DATA EXTRACTS:
lemma orth_diag_block:
  assumes "orth_diag m C V D"
  shows "orth_diag (Suc m) (four_block_mat (mat 1 1 (\<lambda>_. e)) (0\<^sub>m 1 m) (0\<^sub>m m 1) C)
           (four_block_mat (1\<^sub>m 1) (0\<^sub>m 1 m) (0\<^sub>m m 1) V)
           (four_block_mat (mat 1 1 (\<lambda>_. e)) (0\<^sub>m 1 m) (0\<^sub>m m 1) D)"
proof -
  from assms have V: "V \<in> carrier_mat m m" and D: "D \<in> carrier_mat m m" and dD: "diagonal_mat D"
    and VtV: "transpose_mat V * V = 1\<^sub>m m" and CV: "C = V * D * transpose_mat V"
    unfolding orth_diag_def by auto
  define E where "E = mat 1 1 (\<lambda>_. e)"
  have E: "E \<in> carrier_mat 1 1" unfolding E_def by auto
  define B where "B = four_block_mat (1\<^sub>m 1) (0\<^sub>m 1 m) (0\<^sub>m m 1) V"
  have Bt: "transpose_mat B = four_block_mat (1\<^sub>m 1) (0\<^sub>m 1 m) (0\<^sub>m m 1) (transpose_mat V)"
    unfolding B_def using V by (subst transpose_four_block_mat, auto)
  have "transpose_mat B * B = 1\<^sub>m (Suc m)"
    unfolding Bt unfolding B_def using V VtV
    by (subst mult_four_block_mat[OF one_carrier_mat zero_carrier_mat zero_carrier_mat _
          one_carrier_mat zero_carrier_mat zero_carrier_mat V], auto)
  moreover have "B * four_block_mat E (0\<^sub>m 1 m) (0\<^sub>m m 1) D * transpose_mat B
      = four_block_mat E (0\<^sub>m 1 m) (0\<^sub>m m 1) C"
    unfolding Bt unfolding B_def CV using V D E
    by (subst mult_four_block_mat[OF one_carrier_mat zero_carrier_mat zero_carrier_mat V E
          zero_carrier_mat zero_carrier_mat D], simp,
        subst mult_four_block_mat[of _ 1 1 _ m _ m], auto simp: E_def)
  moreover have "diagonal_mat (four_block_mat E (0\<^sub>m 1 m) (0\<^sub>m m 1) D)"
    using dD D unfolding diagonal_mat_def E_def by auto
  ultimately show ?thesis
    unfolding orth_diag_def E_def[symmetric] B_def[symmetric] using V D E
    by (auto simp: B_def intro!: four_block_carrier_mat[of _ 1 1 _ m, simplified])
qed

YOUR GOAL: Every line from the one containing "ultimately show ?thesis" to the end of the entries must be set down exactly, with none omitted and none added.

TASK RESULT:
  ultimately show ?thesis
    unfolding orth_diag_def E_def[symmetric] B_def[symmetric] using V D E
    by (auto simp: B_def intro!: four_block_carrier_mat[of _ 1 1 _ m, simplified])
qed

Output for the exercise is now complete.